Has anyone had trouble with persistently noisy neighbours at Arabian Ranches AND have had the issues resolved by the management company? They seem very hot on some community rules so do they actually take effective action against noisy people? They talk of violation penalties but do not explain what these are. Just wondering whether it's worth getting involved with complaints or just move out next year.


----------



## BedouGirl (Sep 15, 2011)

StewartC said:


> Has anyone had trouble with persistently noisy neighbours at Arabian Ranches AND have had the issues resolved by the management company? They seem very hot on some community rules so do they actually take effective action against noisy people? They talk of violation penalties but do not explain what these are. Just wondering whether it's worth getting involved with complaints or just move out next year.
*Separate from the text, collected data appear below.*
text \<open>The join of the pulled-back covers (g_0^{a_i})^{-1} A over the first n terms of A.
  The sequence a_1 < a_2 < ... is represented by A 0 < A 1 < ... (a_(i+1) = A i).\<close>
definition join_pre :: "'a topology \<Rightarrow> (nat \<Rightarrow> 'a \<Rightarrow> 'a) \<Rightarrow> (nat \<Rightarrow> nat) \<Rightarrow> 'a set set \<Rightarrow> nat \<Rightarrow> 'a set set" where
  "join_pre X g A \<A> n =
     {topspace X \<inter> (\<Inter>i<n. comp_seq g (A i) -` C i) | C. \<forall>i<n. C i \<in> \<A>}"

definition seq_entropy :: "'a topology \<Rightarrow> (nat \<Rightarrow> 'a \<Rightarrow> 'a) \<Rightarrow> (nat \<Rightarrow> nat) \<Rightarrow> ereal" where
  "seq_entropy X g A =
     (SUP \<A>\<in>open_covers X. limsup (\<lambda>n. ereal (ln (real (cover_num X (join_pre X g A \<A> n))) / real n)))"

abbreviation borelI :: "real measure" where "borelI \<equiv> restrict_space borel unitI"

definition probI :: "real measure set" where
  "probI = {\<mu>. prob_space \<mu> \<and> sets \<mu> = sets borelI}"

definition weak_star :: "real measure topology" where
  "weak_star = topology_generated_by
     {{\<mu>\<in>probI. (\<integral>x. \<phi> x \<partial>\<mu>) \<in> U} | (\<phi> :: real \<Rightarrow> real) (U :: real set). continuous_on unitI \<phi> \<and> open U}"

definition hat :: "(real \<Rightarrow> real) \<Rightarrow> real measure \<Rightarrow> real measure" where
  "hat f \<mu> = distr \<mu> borelI f"

end

theory Submission
  imports Defs
begin
(* Let $x\sim P_X$, where $P_X$ satisfies (A2). Let $u:\mathbb R^d\to\mathbb R^{d_u}$ and $v:\mathbb R^d\to\mathbb R^{d_v}$ be Lipschitz functions with $\mathbb E_x[u(x)]=0$, $\mathbb E_x[v(x)]=0$, $\|u\|_{\mathrm{Lip}}=c_1$, $\|v\|_{\mathrm{Lip}}=c_2$. Let $U$ be a $d_u\times d_v$ matrix and $$\Gamma(x)=u(x)^\top Uv(x)-\mathbb E_x[u(x)^\top Uv(x)].$$ Then $\|\Gamma\|_{\psi_1}<CK^2\|U\|_F$, where $K=\sqrt{c_1^2+c_2^2}$ and $C$ is a numerical constant.
   Context: (A2) Lipschitz concentration: there is an absolute constant $c>0$ such that for every Lipschitz $\varphi:\mathbb R^d\to\mathbb R$, $\mathbb E|\varphi(x)|<\infty$ and $\mathbb P(|\varphi(x)-\mathbb E\varphi(x)|>t)\le 2e^{-ct^2/\|\varphi\|_{\mathrm{Lip}}^2}$ for all $t>0$. For a real random variable $X$, $\|X\|_{\psi_1}=\inf\{t>0:\mathbb E\exp(|X|/t)\le2\}$. *)

theory Defs
  imports "HOL-Probability.Probability"
begin

text \<open>Vectors in R^n are represented as functions nat => real; only the
coordinates i < n matter. The carrier of R^n is the extensional function space.\<close>

definition Rn :: "nat \<Rightarrow> (nat \<Rightarrow> real) set" where
  "Rn n = PiE {..<n} (\<lambda>_. UNIV)"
We rented a villa there for one of our senior staff members and they were always receiving complaints. Whether or not they were justified is another matter. The management complained to his landlord but the tenant and landlord had issues so it could have been that the landlord was using it to be difficult with the individual. It's obviously a sensitive issue there. Our employee moved out from choice, wanting to live in another area, so it obviously wasn't instrumental in vacating the property.


----------



## neilrock (May 7, 2011)

Personally, I'd find out where the noise was coming from and give them an ultimatum...

Turn it off or, you'll call the police.

Nobody wants to get the police involved and, I have found that as soon as you start mentioning police etc, things calm down immediately.


----------